Segment Open

lemma mix_in_P2: "m \<in> P2 \<Longrightarrow> m' \<in> P2 \<Longrightarrow> 0 \<le> l \<Longrightarrow> l \<le> 1 \<Longrightarrow> mix l m m' \<in> P2"
  unfolding mix_eq_finite_mixture by (intro finite_mixture_in_P2) auto

lemma integral_mix:
  fixes f :: "'a::euclidean_space \<Rightarrow> real"
  assumes "m \<in> Pm" "m' \<in> Pm" "0 \<le> l" "l \<le> 1" "f \<in> borel_measurable borel"
    and "integrable m f" "integrable m' f"
  shows "integral\<^sup>L (mix l m m') f = (1 - l) * integral\<^sup>L m f + l * integral\<^sup>L m' f"
  unfolding mix_eq_finite_mixture
  by (subst has_bochner_integral_integral_eq[OF has_bochner_integral_finite_mixture])
     (use assms in \<open>auto simp: sets_Pm\<close>)

lemma empirical_eq_finite_mixture:
  "empirical N x = finite_mixture {..<N} (\<lambda>_. 1 / real N) (\<lambda>i. return borel (x i))"
  unfolding empirical_def finite_mixture_def
proof (intro measure_of_eq)
  fix A assume "A \<in> sigma_sets UNIV (sets (borel::'a measure))"
  then have A: "A \<in> sets borel" by (metis sets.sigma_sets_eq space_borel)
  have "(\<Sum>i<N. ennreal (1 / real N) * emeasure (return borel (x i)) A)
      = (\<Sum>i<N. ennreal (indicator A (x i) / real N))"
  proof (intro sum.cong refl)
    fix i
    show "ennreal (1 / real N) * emeasure (return borel (x i)) A = ennreal (indicator A (x i) / real N)"
      using A by (cases "x i \<in> A") simp_all
  qed
  also have "\<dots> = ennreal (\<Sum>i<N. indicator A (x i) / real N)"
    by (rule sum_ennreal) simp
  finally
  show "ennreal ((\<Sum>i<N. indicator A (x i)) / real N)
      = (\<Sum>i<N. ennreal (1 / real N) * emeasure (return borel (x i)) A)"
    by (simp add: sum_divide_distrib)
qed simp

lemma empirical_in_P2: "0 < N \<Longrightarrow> empirical N x \<in> P2"
  unfolding empirical_eq_finite_mixture by (intro finite_mixture_in_P2) (auto simp: return_in_P2)
lemma covers_diff:
  assumes "covers s u" "covers t u" "s < t" "t \<le> u"
  shows "covers (t - s) (u - s - 1)"
proof (cases "u \<le> Suc t")
  case True
  then show ?thesis by (intro covers_if_le_Suc) linarith
next
  case False
  have split_exp: "(2::real) ^ (u - s) = 2 ^ (t - s) * 2 ^ (u - t)"
    using assms(3,4) by (simp flip: power_add)
  have "e (t - s) \<le> e t + 2 ^ (t - s) * e s"
    using shift_le[of s "t - s"] assms(3) by (simp add: abs_le_iff)
  also have "\<dots> \<le> 1 / 2 ^ (u - t) + 2 ^ (t - s) * (1 / 2 ^ (u - s))"
    using assms(1,2) unfolding covers_def by (intro add_mono mult_left_mono) auto
  also have "\<dots> = 2 / 2 ^ (u - t)" unfolding split_exp by simp
  also have "\<dots> = 1 / 2 ^ (u - t - 1)"
    using False by (simp add: power_eq_if)
  finally show ?thesis
    unfolding covers_def using assms(3,4) by (simp add: diff_diff_add)
qed

lemma covers_lag_le:
  assumes "1 \<le> w" "covers w (w + j)"
  shows "j \<le> C * w"
proof -
  have "1 / 2 ^ (C * w) \<le> (1::real) / 2 ^ j"
    using exp_lower_bound[OF assms(1)] assms(2) unfolding covers_def by simp
  then have "(2::real) ^ j \<le> 2 ^ (C * w)" by (simp add: frac_le field_simps)
  then show ?thesis by simp
qed

definition first_cover :: "nat \<Rightarrow> nat" where
  "first_cover u = (LEAST t. 1 \<le> t \<and> covers t u)"

lemma first_cover_witness: "1 \<le> max 1 (u - 1) \<and> covers (max 1 (u - 1)) u"
  by (auto intro: covers_if_le_Suc)

lemma first_cover_ge_1: "1 \<le> first_cover u"
  and covers_first_cover: "covers (first_cover u) u"
  using LeastI[of "\<lambda>t. 1 \<le> t \<and> covers t u", OF first_cover_witness]
  unfolding first_cover_def by auto

lemma first_cover_le: "1 \<le> t \<Longrightarrow> covers t u \<Longrightarrow> first_cover u \<le> t"
  unfolding first_cover_def by (rule Least_le) simp

lemma first_cover_le_max: "first_cover u \<le> max 1 (u - 1)"
  using first_cover_le first_cover_witness by blast

lemma first_cover_less: "2 \<le> u \<Longrightarrow> first_cover u < u"
  using first_cover_le_max[of u] by auto

definition cover_count :: "nat \<Rightarrow> nat" where
  "cover_count u = card {t. 1 \<le> t \<and> t < u \<and> covers t u}"

definition cover_total :: "nat \<Rightarrow> nat" where
  "cover_total n = (\<Sum>u\<le>n. cover_count u)"

definition back_lags :: "nat \<Rightarrow> nat set" where
  "back_lags m = {w. 1 \<le> w \<and> w < m \<and> covers (m - w) m}"

definition back_weight :: "nat \<Rightarrow> nat" where
  "back_weight m = (\<Sum>w\<in>back_lags m. C * w + 1)"

lemma cover_count_le: "cover_count u \<le> u"
proof -
  have "cover_count u \<le> card {1..<u}"
    unfolding cover_count_def by (intro card_mono) auto
  then show ?thesis by simp
qed

lemma cover_total_le: "cover_total n \<le> (n + 1) * n"
proof -
  have "cover_total n \<le> (\<Sum>u\<le>n. n)"
    unfolding cover_total_def by (intro sum_mono) (use cover_count_le order_trans in auto)
  then show ?thesis by simp
qed

lemma cover_total_eq_card:
  "cover_total n = card (SIGMA u:{..n}. {t. 1 \<le> t \<and> t < u \<and> covers t u})"
  unfolding cover_total_def cover_count_def by (subst card_SigmaI) auto

lemma back_lags_subset: "back_lags m \<subseteq> {1..<m}"
  unfolding back_lags_def by auto

lemma finite_back_lags: "finite (back_lags m)"
  using back_lags_subset finite_subset by blast

lemma back_weight_le: "back_weight m \<le> m * (C * m + 1)"
proof -
  have "back_weight m \<le> (\<Sum>w\<in>back_lags m. C * m + 1)"
    unfolding back_weight_def by (intro sum_mono) (auto simp: back_lags_def)
  also have "\<dots> = card (back_lags m) * (C * m + 1)" by simp
  also have "\<dots> \<le> m * (C * m + 1)"
    using card_mono[OF _ back_lags_subset, of m] by (intro mult_le_mono1) simp
  finally show ?thesis .
qed

lemma cover_count_split:
  assumes "covers T u" "T < u"
  shows "cover_count u \<le> card {t. 1 \<le> t \<and> t < T \<and> covers t u} + 2 + cover_count (u - T - 1)"
proof -
  define v where "v = u - T - 1"
  define below where "below = {t. 1 \<le> t \<and> t < T \<and> covers t u}"
  define above where "above = {s. 1 \<le> s \<and> s < v \<and> covers s v} \<union> {v}"
  have "{t. 1 \<le> t \<and> t < u \<and> covers t u} \<subseteq> below \<union> {T} \<union> (\<lambda>s. s + T) ` above"
  proof
    fix t assume t: "t \<in> {t. 1 \<le> t \<and> t < u \<and> covers t u}"
    consider "t < T" | "t = T" | "T < t" by linarith
    then show "t \<in> below \<union> {T} \<union> (\<lambda>s. s + T) ` above"
    proof cases
      case 3
      have "covers (t - T) v"
        unfolding v_def using covers_diff[OF assms(1) _ 3] t by auto
      moreover have "t - T \<le> v" using t unfolding v_def by auto
      ultimately have "t - T \<in> above" using 3 unfolding above_def by auto
      moreover have "t = (t - T) + T" using 3 by simp
      ultimately show ?thesis by blast
    qed (use t in \<open>auto simp: below_def\<close>)
  qed
  then have "cover_count u \<le> card (below \<union> {T} \<union> (\<lambda>s. s + T) ` above)"
    unfolding cover_count_def below_def above_def by (intro card_mono) auto
  also have "\<dots> \<le> card below + card {T} + card ((\<lambda>s. s + T) ` above)"
    by (meson card_Un_le le_trans add_le_mono order_refl)
  also have "card ((\<lambda>s. s + T) ` above) \<le> card above"
    by (rule card_image_le) (simp add: above_def)
  also have "card above \<le> cover_count v + 1"
    unfolding above_def cover_count_def using card_Un_le by fastforce
  finally show ?thesis unfolding below_def v_def by simp
qed
(* Let $f:\mathbb{C}^n\to\mathbb{R}\cup\{+\infty\}$ be a proper closed convex function (with $\mathbb{C}^n$ viewed as the real Euclidean space $\mathbb{R}^{2n}$ with inner product $\mathrm{Re}\,\mathbf{a}^\dagger\mathbf{b}$), let $\mathbf{D}\in\mathbb{C}^{m\times n}$, $\mathbf{b}\in\mathbb{C}^m$, and consider the problem $\min_{\mathbf{u}\in\mathbb{C}^n} f(\mathbf{u})$ s.t. $\mathbf{D}\mathbf{u}=\mathbf{b}$. Assume this problem admits a KKT pair, i.e. there exist $\mathbf{u}^\star\in\mathbb{C}^n$, $\bm\lambda^\star\in\mathbb{C}^m$ with $\mathbf{D}\mathbf{u}^\star=\mathbf{b}$ and $\mathbf{0}\in\partial f(\mathbf{u}^\star)+\mathbf{D}^\dagger\bm\lambda^\star$. Let $\{\omega_t\}_{t\ge 0}\subset(0,1]$ satisfy $\omega_0=1$ and $\sum_{t=0}^{\infty}\omega_t<+\infty$. Then, for any initial data $\mathbf{u}^0\in\mathbb{C}^n$, $\bm\lambda^0\in\mathbb{C}^m$, $\tau_{-1}>0$, $\theta>0$, $0<\underline{\eta}<\overline{\eta}$, the sequence $\{\mathbf{u}^t\}$ generated by the ABAL method (defined in the context) converges to an optimal solution $\mathbf{u}^*$ of the problem $\min f(\mathbf{u})$ s.t. $\mathbf{D}\mathbf{u}=\mathbf{b}$.
   Context: For $\tau>0$, $\mathrm{prox}_{\tau f}(\mathbf{v}):=\arg\min_{\mathbf{u}\in\mathbb{C}^n}\{f(\mathbf{u})+\frac{1}{2\tau}\|\mathbf{u}-\mathbf{v}\|^2\}$. For real $a<c$, $\mathrm{proj}_{[a,c]}(s)=\min\{\max\{s,a\},c\}$ (with $\mathrm{proj}_{[a,c]}(+\infty)=c$). The ABAL method, given $\mathbf{u}^0,\bm\lambda^0,\{\omega_t\}$, an initial stepsize $\tau_{-1}>0$, $\theta>0$ and $0<\underline{\eta}<\overline{\eta}$, generates for $t=0,1,2,\dots$: $\widetilde{\mathbf{u}}^t=\mathbf{u}^t-\tau_{t-1}\mathbf{D}^\dagger\bm\lambda^t$, $\mathbf{u}^{t+1}=\mathrm{prox}_{\tau_{t-1}f}(\widetilde{\mathbf{u}}^t)$; $\eta_t=\mathrm{proj}_{[\underline{\eta},\overline{\eta}]}\big(\|\mathbf{u}^{t+1}\|/\|(\mathbf{u}^{t+1}-\widetilde{\mathbf{u}}^t;\ \theta\tau_{t-1}\bm\lambda^t)\|\big)$, where $(\mathbf{a};\mathbf{c})$ denotes the stacked vector and the ratio is interpreted as $+\infty$ if its denominator is zero and its numerator is positive, and as $0$ if the numerator is zero; $\kappa_t=1-\omega_t+\omega_t\eta_t$, $\tau_t=\kappa_t\tau_{t-1}$; $\mathbf{p}^{t+1}=\mathbf{D}\big(\mathbf{u}^{t+1}+\kappa_t(\mathbf{u}^{t+1}-\mathbf{u}^t)\big)-\mathbf{b}$; $\bm\lambda^{t+1}=\bm\lambda^t+\tau_t^{-1}(\mathbf{D}\mathbf{D}^\dagger+\theta^2\mathbf{I})^{-1}\mathbf{p}^{t+1}$. Here $\mathbf{D}^\dagger$ is the conjugate transpose and $\|\cdot\|$ the Euclidean norm. *)

theory Defs
  imports "HOL-Analysis.Analysis"
begin

text \<open>Complex vectors in C^n are modelled as complex ^ 'n; the real inner product
  of HOL-Analysis on this type is exactly Re (a^dagger b), and norm is the Euclidean norm.\<close>

definition cadj :: "complex ^ 'n ^ 'm \<Rightarrow> complex ^ 'm ^ 'n" where
  "cadj D = (\<chi> i j. cnj (D $ j $ i))"

definition proper_fun :: "('a \<Rightarrow> ereal) \<Rightarrow> bool" where
  "proper_fun f \<longleftrightarrow> (\<forall>u. f u \<noteq> -\<infinity>) \<and> (\<exists>u. f u < \<infinity>)"

definition convex_fun :: "('a::real_vector \<Rightarrow> ereal) \<Rightarrow> bool" where
  "convex_fun f \<longleftrightarrow> (\<forall>x y a. 0 \<le> a \<and> a \<le> 1 \<longrightarrow>
      f (a *\<^sub>R x + (1 - a) *\<^sub>R y) \<le> ereal a * f x + ereal (1 - a) * f y)"

definition closed_fun :: "('a::topological_space \<Rightarrow> ereal) \<Rightarrow> bool" where
  "closed_fun f \<longleftrightarrow> closed {(u, r::real). f u \<le> ereal r}"

definition subdiff :: "('a::real_inner \<Rightarrow> ereal) \<Rightarrow> 'a \<Rightarrow> 'a set" where
  "subdiff f u = {g. f u < \<infinity> \<and> (\<forall>v. f v \<ge> f u + ereal (g \<bullet> (v - u)))}"

definition prox :: "real \<Rightarrow> ('a::real_normed_vector \<Rightarrow> ereal) \<Rightarrow> 'a \<Rightarrow> 'a" where
  "prox \<tau> f v = (THE u. \<forall>w. f u + ereal (norm (u - v) ^ 2 / (2 * \<tau>))
                           \<le> f w + ereal (norm (w - v) ^ 2 / (2 * \<tau>)))"

text \<open>proj_[a,c] of the ratio num/den, with num/den read as +infinity if den = 0 < num,
  and as 0 if num = 0.\<close>
definition proj_ratio :: "real \<Rightarrow> real \<Rightarrow> real \<Rightarrow> real \<Rightarrow> real" where
  "proj_ratio a c num den =
     (if num = 0 then min (max 0 a) c
      else if den = 0 then c
      else min (max (num / den) a) c)"

end

theory Submission
  imports Defs
begin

Segment Closed

Required action: Go through the records above line by line and say how many lines include "Analysis", giving only that number.

Answer: 2